In “Pallone criminale” gli autori Ferraris-Di Meo spiegano come le mafie hanno messo le mani sul calcio italiano
Andare a vedere una partita allo stadio, soprattutto a Napoli, può diventare un’esperienza assai rischiosa. Lo rivelano i pentiti Emiliano Zapata Misso e Giuseppe Misso jr a proposito dei rapporti, tutt’altro che innocenti, tra le frange più estremiste del tifo organizzato e i boss della camorra. E’ una delle tante rivelazioni di “Pallone criminale” un libro da poco uscito (Ponte alle Grazie editore) dove i due autori i giornalisti Gianluca Ferraris e Simone Di Meo, attraverso interviste e retroscena mettono in luce la penetrazione delle mafie nel calcio italiano. “Le ragioni fondamentali dell’interesse malavitoso per il calcio sono due, dichiarano in un’intervista a www.fattitaliani.it. La prima si chiama riciclaggio… e poi il consenso del territorio: essere nel calcio, per un clan, significa stringere mani, suggellare nuove alleanze, fare affari, incrementare il proprio prestigio e allargare a macchia d’olio la propria sfera di influenza”. E continuano: “Oltre ai soldi, il pallone e la criminalità organizzata hanno purtroppo un altro elemento in comune: la profonda omertà che regna al loro interno, soprattutto nelle categorie inferiori e in alcune aree del Sud”. Nel volume sono presenti dati importanti come l’elenco di tutte le partite incriminate finite nel mirino delle procure italiane dal 2009 a oggi e quello dei precedenti scandali, in Italia e nel resto del mondo.

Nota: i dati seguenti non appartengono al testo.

lemma bij_betw_zp_residue_delta:
  assumes "prime p"
  shows "bij_betw (\<lambda>a. (a 1, zp_delta p a)) (zp p) ({0..<p} \<times> zp p)"
  unfolding bij_betw_def
proof (intro conjI inj_onI subset_antisym subsetI)
  fix a b
  assume a: "a \<in> zp p" and b: "b \<in> zp p" and eq: "(a 1, zp_delta p a) = (b 1, zp_delta p b)"
  show "a = b"
  proof
    fix n
    show "a n = b n"
    proof (cases n)
      case 0
      then show ?thesis using zp_component(1)[OF a, of 0] zp_component(1)[OF b, of 0] by simp
    next
      case (Suc k)
      have "fq_coords p k (a (Suc k)) = fq_coords p k (b (Suc k))"
        using eq by (simp add: fq_coords_zp[OF assms a] fq_coords_zp[OF assms b])
      then show ?thesis unfolding Suc
        by (rule inj_onD[OF bij_betw_imp_inj_on[OF bij_betw_fq_coords[OF assms]]])
          (fact zp_component(1)[OF a] zp_component(1)[OF b])+
    qed
  qed
next
  fix x
  assume "x \<in> (\<lambda>a. (a 1, zp_delta p a)) ` zp p"
  then show "x \<in> {0..<p} \<times> zp p"
    using zp_component(1)[of _ p 1] zp_delta_in_zp[OF assms] by auto
next
  fix x
  assume "x \<in> {0..<p} \<times> zp p"
  then show "x \<in> (\<lambda>a. (a 1, zp_delta p a)) ` zp p"
    using zp_lift[OF assms] by (force simp: image_iff)
qed

lemma C_set_Suc_iff:
  assumes "prime p"
  shows "a \<in> C_set p (Suc k) \<longleftrightarrow> a \<in> zp p \<and> zp_delta p a \<in> C_set p k"
proof -
  have "(zp_delta p ^^ Suc k) a = (zp_delta p ^^ k) (zp_delta p a)"
    by (simp only: funpow_Suc_right o_apply)
  then show ?thesis using zp_delta_in_zp[OF assms] by (auto simp: C_set_def)
qed

lemma C_set_subset_zp: "C_set p k \<subseteq> zp p"
  by (auto simp: C_set_def)

lemma bij_betw_zp_red_Suc:
  assumes "prime p" "bij_betw (zp_red k) (C_set p k) {0..<p ^ k}"
  shows "bij_betw (zp_red (Suc k)) (C_set p (Suc k)) {0..<p ^ Suc k}"
proof -
  let ?\<psi> = "\<lambda>a. (a 1, zp_delta p a)"
  note \<psi> = bij_betw_zp_residue_delta[OF assms(1)]
  have "?\<psi> ` C_set p (Suc k) = {0..<p} \<times> C_set p k"
  proof (intro subset_antisym subsetI)
    fix x
    assume "x \<in> ?\<psi> ` C_set p (Suc k)"
    then show "x \<in> {0..<p} \<times> C_set p k"
      using zp_component(1)[of _ p 1] by (auto simp: C_set_Suc_iff[OF assms(1)])
  next
    fix x
    assume x: "x \<in> {0..<p} \<times> C_set p k"
    then have "x \<in> ?\<psi> ` zp p"
      using C_set_subset_zp bij_betw_imp_surj_on[OF \<psi>] by blast
    then show "x \<in> ?\<psi> ` C_set p (Suc k)"
      using x by (auto simp: C_set_Suc_iff[OF assms(1)])
  qed
  then have "bij_betw ?\<psi> (C_set p (Suc k)) ({0..<p} \<times> C_set p k)"
    by (intro bij_betw_subset[OF \<psi> C_set_subset_zp])
  then have "bij_betw (map_prod id (zp_red k) \<circ> ?\<psi>) (C_set p (Suc k)) ({0..<p} \<times> {0..<p ^ k})"
    using bij_betw_map_prod[OF bij_betw_id assms(2)] by (rule bij_betw_trans)
  moreover have "(map_prod id (zp_red k) \<circ> ?\<psi>) a = (fq_coords p k \<circ> zp_red (Suc k)) a"
    if "a \<in> C_set p (Suc k)" for a
    using that by (simp add: C_set_def zp_red_def fq_coords_zp[OF assms(1)])
  ultimately have "bij_betw (fq_coords p k \<circ> zp_red (Suc k)) (C_set p (Suc k)) ({0..<p} \<times> {0..<p ^ k})"
    using bij_betw_cong by blast
  moreover have "zp_red (Suc k) ` C_set p (Suc k) \<subseteq> {0..<p ^ Suc k}"
    unfolding zp_red_def using C_set_subset_zp zp_component(1) by blast
  ultimately show ?thesis
    using bij_betw_comp_iff2[OF bij_betw_fq_coords[OF assms(1)]] by blast
qed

Oltre alla Procura di Cremona, anche quelle di Bari e Lecce sono protagoniste di indagini sullo sport più amato dagli italiani: la prima per svelare gli artifici con cui la «banda Masiello» truccava le gare di serie A (compreso il derby Bari-Lecce) e i meccanismi di riciclaggio del denaro sporco, la seconda nel monitorare la penetrazione dei capitali mafiosi nelle società dilettantistiche.